Collected data entries:
(* Let $G=(V,E)$ be a finite simple undirected graph with zipper constraint collection $\mathcal{Z}$, let $D\subseteq Z^2$, and let $\mathbb{S}\subseteq D$ be a prescription on $D$. Let $S^+\subseteq V^+$ be a set of vertices of the augmented graph $G^+(\mathbb{S})$, and let $S\subseteq V$ be its distillate. Then $S^+$ is a clique in $G^+(\mathbb{S})$ if and only if $S$ is a clique in $G'=(V,E\setminus(D\setminus\mathbb{S}))$.
   Context: A zipper constraint collection for $G$ is a finite set $\mathcal{Z}=\{(U_1,W_1,y_1),\dots,(U_m,W_m,y_m)\}$, where each $U_i,W_i\in E$ is an edge of $G$ (a 2-element subset of $V$) and each $y_i$ is a label. Let $Z^2=\{U_1,\dots,U_m,W_1,\dots,W_m\}$. A prescription on a domain $D\subseteq Z^2$ is a subset $\mathbb{S}\subseteq D$. Its elements are on pairs, and the elements of $D\setminus\mathbb{S}$ are off pairs. Let $G'=(V,E\setminus(D\setminus\mathbb{S}))$. The augmented graph $G^+(\mathbb{S})=(V^+,E^+)$ has vertex set $V^+=\{[u]:u\in V\}\cup\{[u,w]:\{u,w\}\in\mathbb{S}\}$. Each vertex $[A]$ is a new formal vertex labeled by the set $A$, which is either a singleton $\{u\}$ or a pair $\{u,w\}$. Two distinct vertices $[A],[B]$ are adjacent if and only if $A\cup B$ is a clique in $G'$. The distillate of a set $S^+=\{[A_1],\dots,[A_n]\}\subseteq V^+$ is the set $A_1\cup\dots\cup A_n\subseteq V$. *)

theory Defs
  imports Main
begin

definition simple_graph :: "'a set \<Rightarrow> 'a set set \<Rightarrow> bool" where
  "simple_graph V E \<longleftrightarrow> finite V \<and> (\<forall>e\<in>E. e \<subseteq> V \<and> card e = 2)"

definition is_clique :: "'a set \<Rightarrow> 'a set set \<Rightarrow> 'a set \<Rightarrow> bool" where
  "is_clique V E K \<longleftrightarrow> K \<subseteq> V \<and> (\<forall>u\<in>K. \<forall>w\<in>K. u \<noteq> w \<longrightarrow> {u, w} \<in> E)"

definition zipper_collection :: "'a set set \<Rightarrow> ('a set \<times> 'a set \<times> 'b) set \<Rightarrow> bool" where
  "zipper_collection E Z \<longleftrightarrow> finite Z \<and> (\<forall>(U, W, y)\<in>Z. U \<in> E \<and> W \<in> E)"

definition Z2 :: "('a set \<times> 'a set \<times> 'b) set \<Rightarrow> 'a set set" where
  "Z2 Z = (\<lambda>(U, W, y). U) ` Z \<union> (\<lambda>(U, W, y). W) ` Z"

definition Gprime_edges :: "'a set set \<Rightarrow> 'a set set \<Rightarrow> 'a set set \<Rightarrow> 'a set set" where
  "Gprime_edges E D S = E - (D - S)"

text \<open>Formal vertices [A] of the augmented graph, labelled by a set A.\<close>
datatype 'a aug_vertex = AV (label: "'a set")

definition aug_vertices :: "'a set \<Rightarrow> 'a set set \<Rightarrow> 'a aug_vertex set" where
  "aug_vertices V S = {AV {u} | u. u \<in> V} \<union> {AV {u, w} | u w. {u, w} \<in> S}"

definition aug_adj :: "'a set \<Rightarrow> 'a set set \<Rightarrow> 'a set set \<Rightarrow> 'a set set
    \<Rightarrow> 'a aug_vertex \<Rightarrow> 'a aug_vertex \<Rightarrow> bool" where
  "aug_adj V E D S x y \<longleftrightarrow> x \<noteq> y \<and> is_clique V (Gprime_edges E D S) (label x \<union> label y)"

definition is_aug_clique :: "'a set \<Rightarrow> 'a set set \<Rightarrow> 'a set set \<Rightarrow> 'a set set
    \<Rightarrow> 'a aug_vertex set \<Rightarrow> bool" where
  "is_aug_clique V E D S K \<longleftrightarrow> K \<subseteq> aug_vertices V S \<and>
     (\<forall>x\<in>K. \<forall>y\<in>K. x \<noteq> y \<longrightarrow> aug_adj V E D S x y)"

definition distillate :: "'a aug_vertex set \<Rightarrow> 'a set" where
  "distillate K = \<Union> (label ` K)"

end

theory Submission
  imports Defs
begin

text \<open>Every vertex label of the augmented graph is itself a clique of G': a singleton, or an
  on pair, which is an edge of G that survives in G'. A union of sets is a clique exactly when
  the union of any two of them is, so the distillate of S+ is a clique of G' exactly when any
  two distinct vertices of S+ are adjacent.\<close>

lemma is_clique_subset: "is_clique V E K \<Longrightarrow> L \<subseteq> K \<Longrightarrow> is_clique V E L"
  unfolding is_clique_def by blast

lemma is_clique_Union_iff:
  "is_clique V E (\<Union> (f ` I)) \<longleftrightarrow> (\<forall>i\<in>I. \<forall>j\<in>I. is_clique V E (f i \<union> f j))"
proof
  assume "is_clique V E (\<Union> (f ` I))"
  then show "\<forall>i\<in>I. \<forall>j\<in>I. is_clique V E (f i \<union> f j)"
    by (auto elim: is_clique_subset)
next
  assume pairs: "\<forall>i\<in>I. \<forall>j\<in>I. is_clique V E (f i \<union> f j)"
  show "is_clique V E (\<Union> (f ` I))"
    unfolding is_clique_def
  proof (intro conjI ballI impI)
    show "\<Union> (f ` I) \<subseteq> V"
      using pairs unfolding is_clique_def by blast
  next
    fix u w assume "u \<in> \<Union> (f ` I)" "w \<in> \<Union> (f ` I)" "u \<noteq> w"
    then obtain i j where "i \<in> I" "j \<in> I" "u \<in> f i \<union> f j" "w \<in> f i \<union> f j"
      by blast
    with pairs \<open>u \<noteq> w\<close> show "{u, w} \<in> E"
      unfolding is_clique_def by blast
  qed
qed

lemma Z2_subset_edges: "zipper_collection E Z \<Longrightarrow> Z2 Z \<subseteq> E"
  unfolding zipper_collection_def Z2_def by fastforce

lemma is_clique_label_aug_vertex:
  assumes "simple_graph V E" "S \<subseteq> E" "x \<in> aug_vertices V S"
  shows "is_clique V (Gprime_edges E D S) (label x)"
proof -
  from assms(3) consider u where "x = AV {u}" "u \<in> V" | u w where "x = AV {u, w}" "{u, w} \<in> S"
    unfolding aug_vertices_def by blast
  then show ?thesis
  proof cases
    case 1
    then show ?thesis
      unfolding is_clique_def by auto
  next
    case (2 u w)
    have "{u, w} \<subseteq> V"
      using 2 assms(1,2) unfolding simple_graph_def by blast
    moreover have "{u, w} \<in> Gprime_edges E D S"
      using 2 assms(2) unfolding Gprime_edges_def by blast
    ultimately show ?thesis
      unfolding 2 is_clique_def by (auto simp: insert_commute)
  qed
qed

theorem mainTheorem2:
  fixes V :: "'a set" and E :: "'a set set" and Z :: "('a set \<times> 'a set \<times> 'b) set"
    and D S :: "'a set set" and Splus :: "'a aug_vertex set"
  assumes "simple_graph V E"
    and "zipper_collection E Z"
    and "D \<subseteq> Z2 Z"
    and "S \<subseteq> D"
    and "Splus \<subseteq> aug_vertices V S"
  shows "is_aug_clique V E D S Splus \<longleftrightarrow> is_clique V (Gprime_edges E D S) (distillate Splus)"
proof -
  let ?G' = "Gprime_edges E D S"
  have "S \<subseteq> E"
    using assms(2-4) Z2_subset_edges by blast
  then have label_clique: "is_clique V ?G' (label x)" if "x \<in> Splus" for x
    using is_clique_label_aug_vertex assms(1,5) that by blast
  have "is_aug_clique V E D S Splus \<longleftrightarrow>
      (\<forall>x\<in>Splus. \<forall>y\<in>Splus. x \<noteq> y \<longrightarrow> is_clique V ?G' (label x \<union> label y))"
    using assms(5) unfolding is_aug_clique_def aug_adj_def by blast
  also have "\<dots> \<longleftrightarrow> (\<forall>x\<in>Splus. \<forall>y\<in>Splus. is_clique V ?G' (label x \<union> label y))"
    using label_clique by (metis sup.idem)
  also have "\<dots> \<longleftrightarrow> is_clique V ?G' (distillate Splus)"
    unfolding distillate_def by (rule is_clique_Union_iff[symmetric])
  finally show ?thesis .
qed

end
lemma log_derivative_lower_bound:
  fixes G \<Psi> :: "real \<Rightarrow> real"
  assumes "0 < s"
    and deriv: "\<And>r. 0 < r \<Longrightarrow> r < s \<Longrightarrow> (G has_real_derivative \<Psi> r / r) (at r)"
    and mono: "\<And>x y. 0 < x \<Longrightarrow> x \<le> y \<Longrightarrow> y \<le> s \<Longrightarrow> \<Psi> x \<le> \<Psi> y"
    and upper: "\<And>\<delta>. 0 < \<delta> \<Longrightarrow> eventually (\<lambda>r. G r + a * ln r \<le> \<delta> * ln (1 / r)) (at_right 0)"
    and "0 < r0" "r0 \<le> s"
  shows "- a \<le> \<Psi> r0"
proof (rule ccontr)
  define c where "c = \<Psi> r0"
  define \<delta> where "\<delta> = (- a - c) / 2"
  assume "\<not> - a \<le> \<Psi> r0"
  then have "0 < \<delta>"
    by (simp add: \<delta>_def c_def)
  define r1 where "r1 = r0 / 2"
  have r1: "0 < r1" "r1 < s" "r1 \<le> r0"
    using \<open>0 < r0\<close> \<open>r0 \<le> s\<close> by (auto simp: r1_def)
  have "eventually (\<lambda>x. x \<in> {0<..<r1} \<and> G x + a * ln x \<le> \<delta> * ln (1 / x) \<and>
                       \<delta> * ln x < G r1 - c * ln r1) (at_right 0)"
    using \<open>0 < \<delta>\<close> r1
    by (intro eventually_conj upper eventually_mult_ln_less_at_right_0 eventually_at_right_real) auto
  then obtain x where "x \<in> {0<..<r1}" and x: "G x + a * ln x \<le> \<delta> * ln (1 / x)"
    and far: "\<delta> * ln x < G r1 - c * ln r1"
    using eventually_happens'[OF trivial_limit_at_right_real] by blast
  then have "0 < x" "x \<le> r1"
    by auto
  have "G r1 - G x \<le> c * (ln r1 - ln x)"
    using \<open>0 < x\<close> r1 \<open>r0 \<le> s\<close>
    by (intro diff_le_of_log_derivative_le[OF \<open>0 < x\<close> \<open>x \<le> r1\<close>, where \<Psi>=\<Psi>] deriv)
      (auto simp: c_def intro!: mono)
  then have "G r1 - c * ln r1 \<le> G x - c * ln x"
    by (simp add: algebra_simps)
  also have "\<dots> \<le> \<delta> * ln x"
    using x \<open>0 < x\<close> by (simp add: ln_div \<delta>_def field_simps)
  finally show False
    using far by simp
qed
(* $\Omega(\eta)$ is equimorphic, as a join-semilattice, to every member of $\mathcal{L_D}$.
   Context: $\Omega(\eta)$ denotes the join-subsemilattice of the direct product $\mathbb{N}\times D$ (componentwise order), where $\mathbb{N}$ is the chain of non-negative integers and $D$ is the chain of dyadic rationals in $[0,1)$, consisting of the pairs $(n,r)$ with $2^n r\in\mathbb{Z}$. A bichain is a triple $B=(X,\leq_1,\leq_2)$ with $\leq_1,\leq_2$ linear orders on a set $X$; $C(B)$ denotes the closure system on $X$ whose closed sets are the sets $I_1\cap I_2$ with $I_k$ an initial segment of $(X,\leq_k)$, ordered by inclusion (an algebraic lattice), and $K(C(B))$ is the join-semilattice of its compact elements (the closures of finite subsets of $X$). $\mathcal{L_D}$ is the class of join-semilattices isomorphic to $K(C(B))$ for some bichain $B$ whose first component $(X,\leq_1)$ has order type $\omega$ and whose second component $(X,\leq_2)$ is not order-scattered (contains a copy of $\mathbb{Q}$). Two join-semilattices are equimorphic as join-semilattices if each embeds into the other by a one-to-one join-preserving map. *)

theory Defs
  imports "HOL-Library.Order_Continuity"
begin

definition is_join :: "('a \<Rightarrow> 'a \<Rightarrow> bool) \<Rightarrow> 'a set \<Rightarrow> 'a \<Rightarrow> 'a \<Rightarrow> 'a \<Rightarrow> bool" where
  "is_join le S x y z \<longleftrightarrow> z \<in> S \<and> le x z \<and> le y z \<and> (\<forall>w\<in>S. le x w \<and> le y w \<longrightarrow> le z w)"

definition join_semilattice :: "'a set \<Rightarrow> ('a \<Rightarrow> 'a \<Rightarrow> bool) \<Rightarrow> bool" where
  "join_semilattice S le \<longleftrightarrow>
     (\<forall>x\<in>S. le x x) \<and>
     (\<forall>x\<in>S. \<forall>y\<in>S. le x y \<and> le y x \<longrightarrow> x = y) \<and>
     (\<forall>x\<in>S. \<forall>y\<in>S. \<forall>z\<in>S. le x y \<and> le y z \<longrightarrow> le x z) \<and>
     (\<forall>x\<in>S. \<forall>y\<in>S. \<exists>z. is_join le S x y z)"

definition join_embedding ::
  "('a \<Rightarrow> 'b) \<Rightarrow> 'a set \<Rightarrow> ('a \<Rightarrow> 'a \<Rightarrow> bool) \<Rightarrow> 'b set \<Rightarrow> ('b \<Rightarrow> 'b \<Rightarrow> bool) \<Rightarrow> bool" where
  "join_embedding f S leS T leT \<longleftrightarrow>
     inj_on f S \<and> f ` S \<subseteq> T \<and>
     (\<forall>x\<in>S. \<forall>y\<in>S. \<forall>z\<in>S. is_join leS S x y z \<longrightarrow> is_join leT T (f x) (f y) (f z))"

definition join_equimorphic ::
  "'a set \<Rightarrow> ('a \<Rightarrow> 'a \<Rightarrow> bool) \<Rightarrow> 'b set \<Rightarrow> ('b \<Rightarrow> 'b \<Rightarrow> bool) \<Rightarrow> bool" where
  "join_equimorphic S leS T leT \<longleftrightarrow>
     (\<exists>f. join_embedding f S leS T leT) \<and> (\<exists>g. join_embedding g T leT S leS)"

Directions: From the records above, copy only the lines starting with the line that holds "aug_vertex \<Rightarrow> 'a" and going on through the line that holds "aug_vertex set \<Rightarrow> 'a", exactly as written.

Exercise answer:
    \<Rightarrow> 'a aug_vertex \<Rightarrow> 'a aug_vertex \<Rightarrow> bool" where
  "aug_adj V E D S x y \<longleftrightarrow> x \<noteq> y \<and> is_clique V (Gprime_edges E D S) (label x \<union> label y)"

definition is_aug_clique :: "'a set \<Rightarrow> 'a set set \<Rightarrow> 'a set set \<Rightarrow> 'a set set
    \<Rightarrow> 'a aug_vertex set \<Rightarrow> bool" where
  "is_aug_clique V E D S K \<longleftrightarrow> K \<subseteq> aug_vertices V S \<and>
     (\<forall>x\<in>K. \<forall>y\<in>K. x \<noteq> y \<longrightarrow> aug_adj V E D S x y)"

definition distillate :: "'a aug_vertex set \<Rightarrow> 'a set" where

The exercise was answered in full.